I try to look at past Linux USB issues and gather their root causes and resolutions here in case I forget something.

xHCI xhci_drop_endpoint called with disabled ep

Happens during libusb_set_configuration() and libusb_set_interface_alt_setting(). This warning seems useless.

Resolution: This warning was suppressed in kernel 4.0 https://github.com/torvalds/linux/commit/a6134136d938ed9298f15e865e4a035f9c0eeb9c. Kernel 4.0+ should no longer see this.

WARN Event TRB for slot x ep 2 with no TDs queued?

Four times. This happens during libusb bulk transfers which query P0Tables and other camera parameters. Bulk transfers seem to generate this warnings if they have larger buffers but receive less data. This warning is harmless.

Resolution: probably fixed in https://github.com/torvalds/linux/commit/e210c422b6fdd2dc123bedc588f399aefd8bf9de (4.3-rc7, or 4.3+, may be backported).

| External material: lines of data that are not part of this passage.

lemma perms_iff: "v \<in> perms n \<longleftrightarrow> length v = n \<and> distinct v \<and> set v = {1..n}"
  unfolding perms_def using distinct_card by fastforce

lemma perms_length: "v \<in> perms n \<Longrightarrow> length v = n"
  by (simp add: perms_iff)

lemma perms_set: "v \<in> perms n \<Longrightarrow> set v = {1..n}"
  by (simp add: perms_iff)

lemma perms_if_length_set: "length v = n \<Longrightarrow> set v = {1..n} \<Longrightarrow> v \<in> perms n"
  by (simp add: perms_iff card_distinct)

lemma finite_perms: "finite (perms n)"
proof (rule finite_subset)
  show "perms n \<subseteq> {xs. set xs \<subseteq> {1..n} \<and> length xs = n}"
    by (auto simp: perms_iff)
qed (simp add: finite_lists_length_eq)

lemma Nil_perms: "[] \<in> perms 0"
  by (simp add: perms_iff)

lemma filter_le_perms:
  assumes "w \<in> perms n" "p \<le> n"
  shows "filter (\<lambda>a. a \<le> p) w \<in> perms p"
  using assms by (simp add: perms_def perms_iff) auto

lemma length_comp_perm [simp]: "length (comp_perm a b) = length b"
  by (simp add: comp_perm_def)

lemma comp_perm_assoc:
  "set c \<subseteq> {1..length b} \<Longrightarrow> comp_perm (comp_perm a b) c = comp_perm a (comp_perm b c)"
  unfolding comp_perm_def by (force intro!: map_cong)

lemma comp_perm_id_right: "length a = n \<Longrightarrow> comp_perm a [1..<Suc n] = a"
  unfolding comp_perm_def by (auto intro!: nth_equalityI)

lemma comp_perm_id_left: "set b \<subseteq> {1..n} \<Longrightarrow> comp_perm [1..<Suc n] b = b"
  unfolding comp_perm_def by (rule map_idI) (auto simp: subset_iff)

lemma atLeast1_atMost_eq_image_Suc: "{1..n} = Suc ` {..<n}"
  by (simp add: lessThan_atLeast0 atLeastLessThanSuc_atLeastAtMost)

lemma comp_perm_perms:
  assumes "a \<in> perms n" "b \<in> perms n"
  shows "comp_perm a b \<in> perms n"
proof (rule perms_if_length_set)
  have "set b = Suc ` {0..<n}"
    using assms by (metis perms_iff atLeast1_atMost_eq_image_Suc lessThan_atLeast0)
  then have "set (comp_perm a b) = (!) a ` {0..<n}"
    by (simp only: comp_perm_def set_map image_image diff_Suc_1)
  also have "\<dots> = set a"
    using assms by (simp add: perms_iff nth_image)
  finally show "set (comp_perm a b) = {1..n}"
    using assms by (simp add: perms_iff)
qed (use assms in \<open>simp add: perms_iff\<close>)

lemma length_inv_perm [simp]: "length (inv_perm w) = length w"
  by (simp add: inv_perm_def)

lemma inv_perm_eq_map_pos:
  assumes "w \<in> perms n"
  shows "inv_perm w = map (\<lambda>a. Suc (pos w a)) [1..<Suc n]"
proof -
  have "(LEAST j. j < length w \<and> w ! j = a) = pos w a" if "a \<in> set w" for a
  proof (rule Least_equality)
    show "pos w a < length w \<and> w ! pos w a = a"
      using that by (simp add: pos_less_length nth_pos)
    show "pos w a \<le> j" if "j < length w \<and> w ! j = a" for j
      using that assms by (metis perms_iff pos_nth order_refl)
  qed
  then show ?thesis
    using assms unfolding inv_perm_def perms_iff by (auto intro!: map_cong)
qed

lemma comp_inv_perm:
  assumes "w \<in> perms n" "set y \<subseteq> {1..n}"
  shows "comp_perm (inv_perm w) y = map (\<lambda>a. Suc (pos w a)) y"
  unfolding comp_perm_def inv_perm_eq_map_pos[OF assms(1)]
proof (rule map_cong)
  fix a assume "a \<in> set y"
  then have "1 \<le> a" "a \<le> n" using assms(2) by auto
  moreover from this have "[1..<Suc n] ! (a - 1) = a"
    by (subst nth_upt) auto
  ultimately show "map (\<lambda>a. Suc (pos w a)) [1..<Suc n] ! (a - 1) = Suc (pos w a)"
    by simp
qed simp

lemma inv_perm_perms:
  assumes "w \<in> perms n"
  shows "inv_perm w \<in> perms n"
proof (rule perms_if_length_set)
  have "set (inv_perm w) = Suc ` pos w ` set w"
    using assms by (simp add: inv_perm_eq_map_pos perms_set image_image atLeastLessThanSuc_atLeastAtMost)
  also have "pos w ` set w = {..<n}"
    using assms by (metis pos_image perms_iff)
  finally show "set (inv_perm w) = {1..n}"
    by (simp only: atLeast1_atMost_eq_image_Suc)
qed (use assms in \<open>simp add: perms_length\<close>)

lemma comp_inv_perm_left:
  assumes "w \<in> perms n"
  shows "comp_perm (inv_perm w) w = [1..<Suc n]"
proof -
  have "comp_perm (inv_perm w) w = map Suc (map (pos w) w)"
    using assms by (simp add: comp_inv_perm perms_set)
  also have "\<dots> = [1..<Suc n]"
    using assms by (simp add: map_pos_self perms_iff map_Suc_upt)
  finally show ?thesis .
qed

lemma comp_inv_perm_right:
  assumes "w \<in> perms n"
  shows "comp_perm w (inv_perm w) = [1..<Suc n]"
  using assms unfolding comp_perm_def inv_perm_eq_map_pos[OF assms]
  by (intro nth_equalityI) (auto simp: nth_pos perms_iff)

lemma comp_inv_perm_eq_iff:
  assumes y: "y \<in> perms n" and z: "z \<in> perms n"
  shows "comp_perm y (inv_perm z) = w \<longleftrightarrow> w \<in> perms n \<and> comp_perm (inv_perm w) y = z"
proof
  assume w_eq: "comp_perm y (inv_perm z) = w"
  then have w: "w \<in> perms n"
    using comp_perm_perms inv_perm_perms y z by blast
  have "comp_perm w z = comp_perm y (comp_perm (inv_perm z) z)"
    using z by (simp add: w_eq [symmetric] comp_perm_assoc perms_set perms_length)
  also have "\<dots> = y"
    using z comp_perm_id_right[OF perms_length[OF y]] by (simp add: comp_inv_perm_left)
  finally have y_eq: "comp_perm w z = y" .
  have "comp_perm (inv_perm w) y = comp_perm (comp_perm (inv_perm w) w) z"
    using w z by (simp add: y_eq [symmetric] comp_perm_assoc perms_set perms_length)
  also have "\<dots> = z"
    using comp_perm_id_left[OF equalityD1[OF perms_set[OF z]]] by (simp add: comp_inv_perm_left[OF w])
  finally show "w \<in> perms n \<and> comp_perm (inv_perm w) y = z"
    using w by blast
next
  assume "w \<in> perms n \<and> comp_perm (inv_perm w) y = z"
  then have w: "w \<in> perms n" and z_eq: "comp_perm (inv_perm w) y = z" by blast+
  have "comp_perm w z = comp_perm (comp_perm w (inv_perm w)) y"
    using w y by (simp add: z_eq [symmetric] comp_perm_assoc perms_set perms_length)
  also have "\<dots> = y"
    using comp_perm_id_left[OF equalityD1[OF perms_set[OF y]]] by (simp add: comp_inv_perm_right[OF w])
  finally have y_eq: "comp_perm w z = y" .
  have "comp_perm y (inv_perm z) = comp_perm w (comp_perm z (inv_perm z))"
    using z inv_perm_perms[OF z] by (simp add: y_eq [symmetric] comp_perm_assoc perms_set perms_length)
  also have "\<dots> = w"
    using z comp_perm_id_right[OF perms_length[OF w]] by (simp add: comp_inv_perm_right)
  finally show "comp_perm y (inv_perm z) = w" .
qed

section \<open>Descent sets\<close>

lemma Des_map: "Des (map f xs) = {i \<in> {1..<length xs}. f (xs ! i) < f (xs ! (i - 1))}"
  by (auto simp: Des_def)

lemma Des_map_cong:
  assumes "\<And>a b. a \<in> set xs \<Longrightarrow> b \<in> set xs \<Longrightarrow> f a < f b \<longleftrightarrow> g a < g b"
  shows "Des (map f xs) = Des (map g xs)"
  using assms by (auto simp: Des_map)

lemma Des_empty_iff_sorted: "Des xs = {} \<longleftrightarrow> sorted xs"
proof -
  have "Des xs = {} \<longleftrightarrow> (\<forall>i. Suc i < length xs \<longrightarrow> \<not> xs ! Suc i < xs ! i)"
    unfolding Des_def by (auto simp: gr0_conv_Suc Suc_le_eq)
  then show ?thesis
    by (simp add: sorted_iff_nth_Suc not_less)
qed

lemma Des_append: "Des (xs @ ys) - {length xs} = Des xs \<union> (+) (length xs) ` Des ys"
proof (rule set_eqI)
  fix i
  show "i \<in> Des (xs @ ys) - {length xs} \<longleftrightarrow> i \<in> Des xs \<union> (+) (length xs) ` Des ys"
  proof (cases "i < length xs")
    case True
    then show ?thesis
      by (auto simp: Des_def nth_append)
  next
    case False
    then obtain j where i: "i = length xs + j"
      by (metis le_add_diff_inverse not_less)
    show ?thesis
      unfolding i by (cases j) (auto simp: Des_def nth_append)
  qed
qed

lemma Des_append_subset_iff:
  assumes "J \<subseteq> {1..<length xs}"
  shows "Des (xs @ ys) \<subseteq> insert (length xs) J \<longleftrightarrow> Des xs \<subseteq> J \<and> Des ys = {}"
proof -
  have "Des (xs @ ys) \<subseteq> insert (length xs) J \<longleftrightarrow> Des xs \<union> (+) (length xs) ` Des ys \<subseteq> J"
    using assms by (auto simp flip: Des_append)
  also have "\<dots> \<longleftrightarrow> Des xs \<subseteq> J \<and> Des ys = {}"
  proof -
    have "length xs + d \<notin> J" for d
      using assms by auto
    then show ?thesis
      by blast
  qed
  finally show ?thesis .
qed

lemma sorted_pos_filter:
  assumes "distinct w"
  shows "sorted_wrt (<) (map (pos w) (filter P w))"
proof -
  have "filter P w = map ((!) w) (filter (P \<circ> (!) w) [0..<length w])"
    by (metis filter_map map_nth)
  then have "map (pos w) (filter P w) = filter (P \<circ> (!) w) [0..<length w]"
    using assms by (auto simp: pos_nth intro!: map_idI)
  then show ?thesis
    by (simp add: sorted_wrt_filter)
qed

lemma filter_eq_iff_sorted_pos:
  assumes w: "distinct w" and c: "distinct c" and set_c: "set c = {a \<in> set w. P a}"
  shows "filter P w = c \<longleftrightarrow> sorted_wrt (<) (map (pos w) c)"
proof
  show "filter P w = c \<Longrightarrow> sorted_wrt (<) (map (pos w) c)"
    using sorted_pos_filter[OF w] by blast
next
  assume sorted_c: "sorted_wrt (<) (map (pos w) c)"
  have "map (pos w) (filter P w) = map (pos w) c"
    using strict_sorted_equal[OF sorted_c sorted_pos_filter[OF w]] set_c by simp
  moreover have "inj_on (pos w) (set (filter P w) \<union> set c)"
    using set_c by (intro inj_on_subset[OF inj_on_pos]) auto
  ultimately show "filter P w = c"
    by (simp add: inj_on_map_eq_map)
qed

lemma pos_filter_less_iff:
  "distinct w \<Longrightarrow> a \<in> set (filter P w) \<Longrightarrow> b \<in> set (filter P w) \<Longrightarrow>
    pos (filter P w) a < pos (filter P w) b \<longleftrightarrow> pos w a < pos w b"
  by (induction w) (auto split: if_splits)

ERROR Transfer event TRB DMA ptr not part of current TD

[  503.234842] xhci_hcd 0000:03:00.0: ERROR Transfer event TRB DMA ptr not part of current TD
...
[  509.238571] xhci_hcd 0000:03:00.0: xHCI host not responding to stop endpoint command.
[  509.238580] xhci_hcd 0000:03:00.0: Assuming host is dying, halting host.
[  509.238799] usb 9-2.1: usbfs: usb_submit_urb returned -22
[  509.238886] usb 9-2.1: usbfs: usb_submit_urb returned -22
[  509.238941] usb 9-2.1: usbfs: usb_submit_urb returned -22
[  509.238995] usb 9-2.1: usbfs: usb_submit_urb returned -22
[  509.239049] xhci_hcd 0000:03:00.0: HC died; cleaning up

Asmedia controllers seem to have this behavior. Right before the first error,

				/* Some host controllers give a spurious
				 * successful event after a short transfer.
				 * Ignore it.
				 */
				if ((xhci->quirks & XHCI_SPURIOUS_SUCCESS) &&
						ep_ring->last_td_was_short) {
					ep_ring->last_td_was_short = false;
					ret = 0;
					goto cleanup;
				}
				/* HC is busted, give up! */
				xhci_err(xhci,
					"ERROR Transfer event TRB DMA ptr not "

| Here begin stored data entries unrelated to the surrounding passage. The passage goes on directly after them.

(* Let $\boldsymbol{x}\in\mathbb{T}^3$ and $\boldsymbol{v}\in\mathbb{S}^2$, and for $\underline{\omega}=(\omega_1,\omega_2,\dots)$ with $\omega_i\in\Omega_0$ define $\boldsymbol{x}_0=\boldsymbol{x}$, $\boldsymbol{v}_0=\boldsymbol{v}$ and recursively $\boldsymbol{x}_n=f_{\omega_n}(\boldsymbol{x}_{n-1})$, $\boldsymbol{v}_n=\dfrac{D_{\boldsymbol{x}_{n-1}}f_{\omega_n}\boldsymbol{v}_{n-1}}{|D_{\boldsymbol{x}_{n-1}}f_{\omega_n}\boldsymbol{v}_{n-1}|}$. Then: (1) there exist $N_1\in\mathbb{N}$ and $(\omega_1,\dots,\omega_{N_1})\in\Omega_0^{N_1}$ such that $\boldsymbol{v}_{N_1}=(1,0,0)$; (2) if $\boldsymbol{v}=(1,0,0)$, then for any $\overline{\boldsymbol{v}}\in\mathbb{S}^2$ there exist $N_2\in\mathbb{N}$ and $(\omega_1,\dots,\omega_{N_2})\in\Omega_0^{N_2}$ such that $\boldsymbol{v}_{N_2}=\overline{\boldsymbol{v}}$.
   Context: $\mathbb{T}^3=\mathbb{R}^3/(2\pi\mathbb{Z})^3$ with points $\boldsymbol{x}=(x,y,z)$; $\mathbb{S}^2$ is the unit sphere in $\mathbb{R}^3$. Fix $U>0$ and let $\Omega_0=[-U,U]^3\times[0,2\pi)^3$, with elements $\omega=(\mathsf{A},\mathsf{B},\mathsf{C},\alpha,\beta,\gamma)$. Define maps of $\mathbb{T}^3$: $f_{(\mathsf{A},\alpha)}(x,y,z)=(x+\mathsf{A}\sin(z+\alpha),\ y+\mathsf{A}\cos(z+\alpha),\ z)$, $f_{(\mathsf{B},\beta)}(x,y,z)=(x,\ y+\mathsf{B}\sin(x+\beta),\ z+\mathsf{B}\cos(x+\beta))$, $f_{(\mathsf{C},\gamma)}(x,y,z)=(x+\mathsf{C}\cos(y+\gamma),\ y,\ z+\mathsf{C}\sin(y+\gamma))$, and $f_\omega=f_{(\mathsf{C},\gamma)}\circ f_{(\mathsf{B},\beta)}\circ f_{(\mathsf{A},\alpha)}$; $D_{\boldsymbol{x}}f_\omega$ is the Jacobian matrix of $f_\omega$ at $\boldsymbol{x}$. *)

theory Defs
  imports "HOL-Analysis.Analysis"
begin

text \<open>Points of the torus are represented by lifts in real^3 (coordinates x,y,z = p$1,p$2,p$3).
  Parameters omega = (A,B,C,alpha,beta,gamma).\<close>

type_synonym omega = "real \<times> real \<times> real \<times> real \<times> real \<times> real"

definition Omega0 :: "real \<Rightarrow> omega set" where
  "Omega0 U = {-U..U} \<times> {-U..U} \<times> {-U..U} \<times> {0..<2*pi} \<times> {0..<2*pi} \<times> {0..<2*pi}"

definition fA :: "real \<Rightarrow> real \<Rightarrow> real^3 \<Rightarrow> real^3" where
  "fA A \<alpha> p = vector [p$1 + A * sin (p$3 + \<alpha>), p$2 + A * cos (p$3 + \<alpha>), p$3]"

Maybe it is because the controller should but does not have XHCI_SPURIOUS_SUCCESS quirk.

This can be tested by finding out HCI version dmesg | grep 'hci version' and boot the kernel with parameter xhci_hcd.quirks=0x10 to manually add this quirk.

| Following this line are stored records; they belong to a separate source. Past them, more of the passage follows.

(* The Hasse index of order 2 of the class of Dyck lattices is asymptotically Boolean, i.e. $i_2(\mathcal{D}_n)=\frac{sc_2(\mathcal{D}_n)}{|\mathcal{D}_n|}\sim\frac{n^2}{4}$ as $n\to\infty$.
   Context: A Dyck path of semilength $n$ is a lattice path from $(0,0)$ to $(2n,0)$ with steps $(1,1)$ and $(1,-1)$ never going below the $x$-axis. $\mathcal{D}_n$ is the set of Dyck paths of semilength $n$ ordered by containment: $\gamma\le\gamma'$ iff $\gamma$ lies weakly below $\gamma'$. A saturated chain of length $h$ is a sequence $\gamma^{(0)}<\cdots<\gamma^{(h)}$ in which each element covers the previous one; $sc_h(\mathcal{P})$ is the number of saturated chains of length $h$ in a poset $\mathcal{P}$, and the Hasse index of order $h$ is $i_h(\mathcal{P})=sc_h(\mathcal{P})/|\mathcal{P}|$. A sequence of posets $(\mathcal{P}_n)$ has asymptotically Boolean Hasse index of order $h$ if $i_h(\mathcal{P}_n)\sim n^h/2^h$. *)

theory Defs
  imports Complex_Main "HOL-Library.Landau_Symbols"
begin

text \<open>A lattice path is a list of steps: True = up step (1,1), False = down step (1,-1).\<close>

definition step_val :: "bool \<Rightarrow> int" where
  "step_val b = (if b then 1 else -1)"

definition height :: "bool list \<Rightarrow> int" where
  "height w = sum_list (map step_val w)"

definition dyck_paths :: "nat \<Rightarrow> bool list set" where
  "dyck_paths n = {w. length w = 2 * n \<and> (\<forall>k \<le> length w. height (take k w) \<ge> 0) \<and> height w = 0}"

definition dyck_le :: "bool list \<Rightarrow> bool list \<Rightarrow> bool" where
  "dyck_le w v = (\<forall>k \<le> length w. height (take k w) \<le> height (take k v))"

definition poset_less :: "'a set \<Rightarrow> ('a \<Rightarrow> 'a \<Rightarrow> bool) \<Rightarrow> 'a \<Rightarrow> 'a \<Rightarrow> bool" where
  "poset_less P le x y = (x \<in> P \<and> y \<in> P \<and> le x y \<and> x \<noteq> y)"

definition covers :: "'a set \<Rightarrow> ('a \<Rightarrow> 'a \<Rightarrow> bool) \<Rightarrow> 'a \<Rightarrow> 'a \<Rightarrow> bool" where
  "covers P le x y = (poset_less P le x y \<and> \<not> (\<exists>z \<in> P. poset_less P le x z \<and> poset_less P le z y))"

definition saturated_chains :: "'a set \<Rightarrow> ('a \<Rightarrow> 'a \<Rightarrow> bool) \<Rightarrow> nat \<Rightarrow> 'a list set" where
  "saturated_chains P le h =
     {c. length c = Suc h \<and> set c \<subseteq> P \<and> (\<forall>i < h. covers P le (c ! i) (c ! Suc i))}"

definition sc :: "'a set \<Rightarrow> ('a \<Rightarrow> 'a \<Rightarrow> bool) \<Rightarrow> nat \<Rightarrow> nat" where
  "sc P le h = card (saturated_chains P le h)"

definition hasse_index :: "'a set \<Rightarrow> ('a \<Rightarrow> 'a \<Rightarrow> bool) \<Rightarrow> nat \<Rightarrow> real" where
  "hasse_index P le h = real (sc P le h) / real (card P)"

end

theory Submission
  imports Defs "HOL-Real_Asymp.Real_Asymp"
begin

(* The upper covers of a Dyck path are obtained by turning one of its valleys DU into a peak UD, and
   such a flip changes the number of valleys by at most one. Since a nonempty Dyck path with p peaks
   has p - 1 valleys, the saturated 2-chains starting at it number p(p - 1) up to an error of order p,
   so sc_2(D_n) is the second factorial moment of the number of peaks up to O(n |D_n|).
   Inserting a peak UD at each of the 2m + 1 positions of the paths of D_m produces every pair
   (path of D_(m+1), peak of it) exactly once. With the Catalan recurrence, obtained from the
   reflection principle, this gives  sum of p(p - 1) over D_n = (n - 1) n (n + 1) / (2 (2n - 1)) |D_n|,
   which is asymptotic to n^2/4 |D_n|. *)

lemma sc_2_eq_sum_covers:
  assumes "finite P"
  shows "sc P le 2 = (\<Sum>a\<in>P. \<Sum>b\<in>{b. covers P le a b}. card {c. covers P le b c})"
proof -
  let ?C = "\<lambda>a. {b. covers P le a b}"
  have C: "covers P le a b \<Longrightarrow> b \<in> P" for a b by (simp add: covers_def poset_less_def)
  have fin: "finite (?C a)" for a by (rule finite_subset[OF _ assms]) (auto intro: C)
  let ?T = "SIGMA a:P. SIGMA b:?C a. ?C b"
  have "saturated_chains P le 2 = (\<lambda>(a, b, c). [a, b, c]) ` ?T"
  proof (intro set_eqI iffI)
    fix c assume "c \<in> saturated_chains P le 2"
    then have "length c = 3" "c ! 0 \<in> P" "covers P le (c ! 0) (c ! 1)" "covers P le (c ! 1) (c ! 2)"
      by (auto simp: saturated_chains_def numeral_2_eq_2 numeral_3_eq_3)
    moreover have "length c = 3 \<Longrightarrow> c = [c ! 0, c ! 1, c ! 2]"
      by (cases c; cases "tl c"; cases "tl (tl c)") (auto simp: numeral_3_eq_3)
    ultimately show "c \<in> (\<lambda>(a, b, c). [a, b, c]) ` ?T"
      by (intro image_eqI[of _ _ "(c ! 0, c ! 1, c ! 2)"]) auto
  next
    fix c assume "c \<in> (\<lambda>(a, b, c). [a, b, c]) ` ?T"
    then show "c \<in> saturated_chains P le 2"
      using C by (auto simp: saturated_chains_def less_Suc_eq numeral_2_eq_2)
  qed
  moreover have "inj_on (\<lambda>(a, b, c). [a, b, c]) ?T" by (rule inj_onI) auto
  ultimately have "sc P le 2 = card ?T" by (simp add: sc_def card_image)
  also have "\<dots> = (\<Sum>a\<in>P. \<Sum>b\<in>?C a. card (?C b))"
    using assms fin by (simp add: card_SigmaI)
  finally show ?thesis .
qed

lemma height_Nil [simp]: "height [] = 0"
  by (simp add: height_def)

lemma height_Cons [simp]: "height (b # w) = (if b then 1 else -1) + height w"
  by (simp add: height_def step_val_def)

lemma height_append [simp]: "height (u @ v) = height u + height v"
  by (simp add: height_def)

lemma height_take_Suc:
  "k < length w \<Longrightarrow> height (take (Suc k) w) = height (take k w) + (if w ! k then 1 else -1)"
  by (simp add: take_Suc_conv_app_nth)

lemma height_eq_count_True: "height w = 2 * int (length (filter id w)) - int (length w)"
  by (induction w) auto

lemma even_height_take_diff:
  assumes "k \<le> length u" "k \<le> length v"
  shows "even (height (take k u) - height (take k v))"
  using assms by (simp add: height_eq_count_True)

lemma list_eq_if_prefix_heights_eq:
  assumes "length u = length v" "\<And>k. k \<le> length u \<Longrightarrow> height (take k u) = height (take k v)"
  shows "u = v"
proof (rule nth_equalityI)
  fix k assume "k < length u"
  then show "u ! k = v ! k"
    using assms height_take_Suc[of k u] height_take_Suc[of k v] by (auto split: if_splits)
qed (fact assms(1))

lemma dyck_pathsD:
  assumes "w \<in> dyck_paths n"
  shows "length w = 2 * n" "height (take k w) \<ge> 0" "height w = 0"
  using assms unfolding dyck_paths_def by (cases "k \<le> length w"; simp)+

lemma finite_dyck_paths: "finite (dyck_paths n)"
proof (rule finite_subset)
  show "dyck_paths n \<subseteq> {w. set w \<subseteq> UNIV \<and> length w = 2 * n}"
    by (auto simp: dyck_paths_def)
qed (rule finite_lists_length_eq, simp)

fun adj_count :: "bool \<Rightarrow> bool \<Rightarrow> bool list \<Rightarrow> nat" where
  "adj_count a b (x # y # w) = (if x = a \<and> y = b then 1 else 0) + adj_count a b (y # w)"
| "adj_count a b _ = 0"

definition adj_pos :: "bool \<Rightarrow> bool \<Rightarrow> bool list \<Rightarrow> nat set" where
  "adj_pos a b w = {i. Suc i < length w \<and> w ! i = a \<and> w ! Suc i = b}"

abbreviation "peaks \<equiv> adj_count True False"
abbreviation "valleys \<equiv> adj_count False True"abbreviation "valley_pos \<equiv> adj_pos False True"

lemma adj_count_Cons:
  "adj_count a b (x # w) = (if w \<noteq> [] \<and> x = a \<and> hd w = b then 1 else 0) + adj_count a b w"
  by (cases w) auto

lemma adj_count_append:
  "adj_count a b (u @ v) = adj_count a b u + adj_count a b v +
     (if u \<noteq> [] \<and> v \<noteq> [] \<and> last u = a \<and> hd v = b then 1 else 0)"
  by (induction u) (auto simp: adj_count_Cons)

lemma finite_adj_pos [simp]: "finite (adj_pos a b w)"
  by (rule finite_subset[of _ "{..<length w}"]) (auto simp: adj_pos_def)

lemma adj_pos_Cons:
  "adj_pos a b (x # w) =
     (if w \<noteq> [] \<and> x = a \<and> hd w = b then insert 0 else id) (Suc ` adj_pos a b w)"
proof (intro set_eqI)
  fix i show "i \<in> adj_pos a b (x # w) \<longleftrightarrow> i \<in> (if w \<noteq> [] \<and> x = a \<and> hd w = b then insert 0 else id) (Suc ` adj_pos a b w)"
    by (cases i) (auto simp: adj_pos_def hd_conv_nth)
qed

lemma card_adj_pos: "card (adj_pos a b w) = adj_count a b w"
  by (induction w) (auto simp: adj_pos_Cons adj_count_Cons card_image card_insert_if adj_pos_def[of _ _ "[]"])

lemma peaks_minus_valleys:
  "w \<noteq> [] \<Longrightarrow> int (peaks w) - int (valleys w) = (if hd w then 1 else 0) - (if last w then 1 else 0)"
  by (induction True False w rule: adj_count.induct) (auto simp: adj_count_Cons)

lemma dyck_path_first_last:
  assumes "w \<in> dyck_paths n" "n \<ge> 1"
  shows "hd w" "\<not> last w"
proof -
  have ne: "w \<noteq> []" using dyck_pathsD(1)[OF assms(1)] assms(2) by auto
  show "hd w" using dyck_pathsD(2)[OF assms(1), of 1] ne by (cases w) (auto split: if_splits)
  have "height w = height (butlast w) + (if last w then 1 else -1)"
    using ne by (subst append_butlast_last_id[OF ne, symmetric], subst height_append) simp
  then show "\<not> last w"
    using dyck_pathsD(2)[OF assms(1), of "length w - 1"] dyck_pathsD(3)[OF assms(1)]
    by (auto simp: butlast_conv_take split: if_splits)
qed

lemma peaks_eq_Suc_valleys:
  "w \<in> dyck_paths n \<Longrightarrow> n \<ge> 1 \<Longrightarrow> peaks w = Suc (valleys w)"
  using peaks_minus_valleys[of w] dyck_path_first_last[of w n] dyck_pathsD(1)[of w n] by force

definition raise_valley :: "bool list \<Rightarrow> nat \<Rightarrow> bool list" where
  "raise_valley w i = take i w @ True # False # drop (Suc (Suc i)) w"

lemma valley_pos_split:
  assumes "i \<in> valley_pos w"
  shows "w = take i w @ False # True # drop (Suc (Suc i)) w"
proof -
  have "Suc i < length w" "\<not> w ! i" "w ! Suc i" using assms by (auto simp: adj_pos_def)
  then show ?thesis
    using id_take_nth_drop[of i w] Cons_nth_drop_Suc[of "Suc i" w] by simp
qed

lemma length_raise_valley: "i \<in> valley_pos w \<Longrightarrow> length (raise_valley w i) = length w"
  by (auto simp: raise_valley_def adj_pos_def)

lemma height_take_Cons_True_False:
  "height (take k (True # False # v)) = height (take k (False # True # v)) + (if k = 1 then 2 else 0)"
  by (cases k; cases "k - 1") auto

lemma height_take_raise_valley:
  assumes "i \<in> valley_pos w"
  shows "height (take k (raise_valley w i)) = height (take k w) + (if k = Suc i then 2 else 0)"
proof -
  have "length (take i w) = i" using assms by (auto simp: adj_pos_def)
  then show ?thesis
    by (subst (2) valley_pos_split[OF assms]) (auto simp: raise_valley_def take_append height_take_Cons_True_False)
qed

lemma raise_valley_neq: "i \<in> valley_pos w \<Longrightarrow> raise_valley w i \<noteq> w"
  using height_take_raise_valley[of i w "Suc i"] by auto

lemma inj_on_raise_valley: "inj_on (raise_valley w) (valley_pos w)"
proof (rule inj_onI)
  fix i j assume ij: "i \<in> valley_pos w" "j \<in> valley_pos w" "raise_valley w i = raise_valley w j"
  then show "i = j"
    using height_take_raise_valley[OF ij(1), of "Suc i"] height_take_raise_valley[OF ij(2), of "Suc i"]
    by (auto split: if_splits)
qed

lemma raise_valley_in_dyck_paths:
  assumes "w \<in> dyck_paths n" "i \<in> valley_pos w"
  shows "raise_valley w i \<in> dyck_paths n"
proof -
  have "Suc i < length w" using assms(2) by (simp add: adj_pos_def)
  then have "height (raise_valley w i) = height w"
    using height_take_raise_valley[OF assms(2), of "length w"] length_raise_valley[OF assms(2)] by simp
  then show ?thesis
    using assms dyck_pathsD[OF assms(1)] height_take_raise_valley[OF assms(2)] length_raise_valley[OF assms(2)]
    by (auto simp: dyck_paths_def add_nonneg_nonneg)
qed

lemma dyck_le_raise_valley: "i \<in> valley_pos w \<Longrightarrow> dyck_le w (raise_valley w i)"
  by (simp add: dyck_le_def height_take_raise_valley)

lemma valleys_raise_valley:
  assumes "i \<in> valley_pos w"
  shows "valleys w \<le> valleys (raise_valley w i) + 1" "valleys (raise_valley w i) \<le> valleys w + 1"
proof -
  have "valleys w = valleys (take i w @ False # True # drop (Suc (Suc i)) w)"
    using valley_pos_split[OF assms] by simp
  then show "valleys w \<le> valleys (raise_valley w i) + 1" "valleys (raise_valley w i) \<le> valleys w + 1"
    by (auto simp: raise_valley_def adj_count_append adj_count_Cons)
qed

Not enough bandwidth for new device state.

The bandwidth reservation is determined almost entirely by the controller's firmware with configure endpoint command. According to a software bandwidth checking formula used in Linux kernel (xhci_get_ss_bw_consumed(): (SS_OVERHEAD_BURST+mult*num_packets*(SS_OVERHEAD+mps))*SS_BLOCK/125e-6*8/1e9), Kinect2's isochronous endpoint will reserve 2.47 Gbps bandwidth. The RGB endpoint does not reserve bandwidth, but still effectively consumes 0.25 Gbps. Note that these two endpoints transfer in burst and stay idle most of the time, requiring extra margin of bandwidth. And there is other bandwidth reservation. So 3 Gbps should be a reasonable minimum estimate. This may be useful to determine multi-Kinect configuration.

PCIe v1.x single lane bandwidth is 2 Gbps, not enough for the isochronous endpoint. PCIe v2.x single lane is 4 Gbps, better. PCIe v1.x multi-lane might also work.

MaxIsoPacketSize being 33792 (0x8400)

Though this is obtained from wBytesPerInterval, it is alternatively determined by (Mult+1)*(bMaxBurst+1)*wMaxPacketSize. bMaxBurst is 10 on lsusb output, thus making it short of 49152 which is the current maximum allowed value for wBytesPerInterval in Linux kernel. I don't know where the value of bMaxBurst originates from, but it can't be set by the kernel. If it's set by the Kinect firmware, this value is probably cross platform.

Other USB limits

libusb: submit_iso_transfer(transfer):

  • number of URBs = 1 + (num_iso_packets * packet length)/6MB

kernel usb/core/devio.c:

USBDEVFS_URB_TYPE_ISO
if number_of_packets > 128, return -EINVAL
/*
 * arbitrary limit need for USB 3.0
 * bMaxBurst (0~15 allowed, 1~16 packets)
 * bmAttributes (bit 1:0, mult 0~2, 1~3 packets)
 * sizemax: 1024 * 16 * 3 = 49152
 */
if isopkt[u].length > 49152, return -EINVAL

if totlen >= USBFS_XFER_MAX, return -EINVAL
if usbfs_increase_memory_usage(totlen + structs), return -ENOMEM

AppleUSBXHCI::UIMCreateIsochTransfer:

if ( (command->GetNumFrames() == 0) || (command->GetNumFrames() > 1000) ), "bad frameCount"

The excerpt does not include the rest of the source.